Input records
text \<open>Almost entropic functions are closed under limits: a diagonal sequence of weakly
  entropic approximants, with error \<open>1/(n+1)\<close> uniformly on the finitely many subsets.\<close>

lemma almost_entropic_on_limit:
  assumes finN: "finite N" and G: "\<And>n. almost_entropic_on N (G n)"
    and lim: "\<And>A. A \<subseteq> N \<Longrightarrow> (\<lambda>n. G n A) \<longlonglongrightarrow> g A"
  shows "almost_entropic_on N g"
proof -
  have "\<exists>hs. (\<forall>k. weakly_entropic_on N (hs k)) \<and> (\<forall>A. A \<subseteq> N \<longrightarrow> (\<lambda>k. hs k A) \<longlonglongrightarrow> G n A)" for n
    using G[of n] by (simp add: almost_entropic_on_def)
  then obtain hs where hs: "\<And>n k. weakly_entropic_on N (hs n k)"
    "\<And>n A. A \<subseteq> N \<Longrightarrow> (\<lambda>k. hs n k A) \<longlonglongrightarrow> G n A"
    by metis
  have "\<exists>k. \<forall>A\<in>Pow N. \<bar>hs n k A - G n A\<bar> < inverse (real (Suc n))" for n
  proof -
    have "\<forall>A\<in>Pow N. eventually (\<lambda>k. dist (hs n k A) (G n A) < inverse (real (Suc n))) sequentially"
      using hs(2) by (auto intro!: tendstoD)
    then have "eventually (\<lambda>k. \<forall>A\<in>Pow N. dist (hs n k A) (G n A) < inverse (real (Suc n))) sequentially"
      using finN by (intro eventually_ball_finite) auto
    then obtain k where "\<forall>A\<in>Pow N. dist (hs n k A) (G n A) < inverse (real (Suc n))"
      by (auto simp: eventually_sequentially)
    then show ?thesis by (auto simp: dist_real_def)
  qed
  then obtain k where k: "\<And>n A. A \<in> Pow N \<Longrightarrow> \<bar>hs n (k n) A - G n A\<bar> < inverse (real (Suc n))"
    by metis
  have "(\<lambda>n. hs n (k n) A) \<longlonglongrightarrow> g A" if A: "A \<subseteq> N" for A
  proof -
    have "(\<lambda>n. hs n (k n) A - G n A) \<longlonglongrightarrow> 0"
    proof (rule Lim_null_comparison)
      show "\<forall>\<^sub>F n in sequentially. norm (hs n (k n) A - G n A) \<le> inverse (real (Suc n))"
        using k[of A] A by (auto intro!: less_imp_le always_eventually)
    qed (rule LIMSEQ_inverse_real_of_nat)
    then have "(\<lambda>n. (hs n (k n) A - G n A) + G n A) \<longlonglongrightarrow> 0 + g A" by (intro tendsto_add lim A)
    then show ?thesis by simp
  qed
  then show ?thesis unfolding almost_entropic_on_def using hs(1)
    by (intro exI[of _ "\<lambda>n. hs n (k n)"]) auto
qed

What you have to do
From the data, collect all lines where the string "proof" appears.

Written answer
proof -
  proof -
  proof -
    proof (rule Lim_null_comparison)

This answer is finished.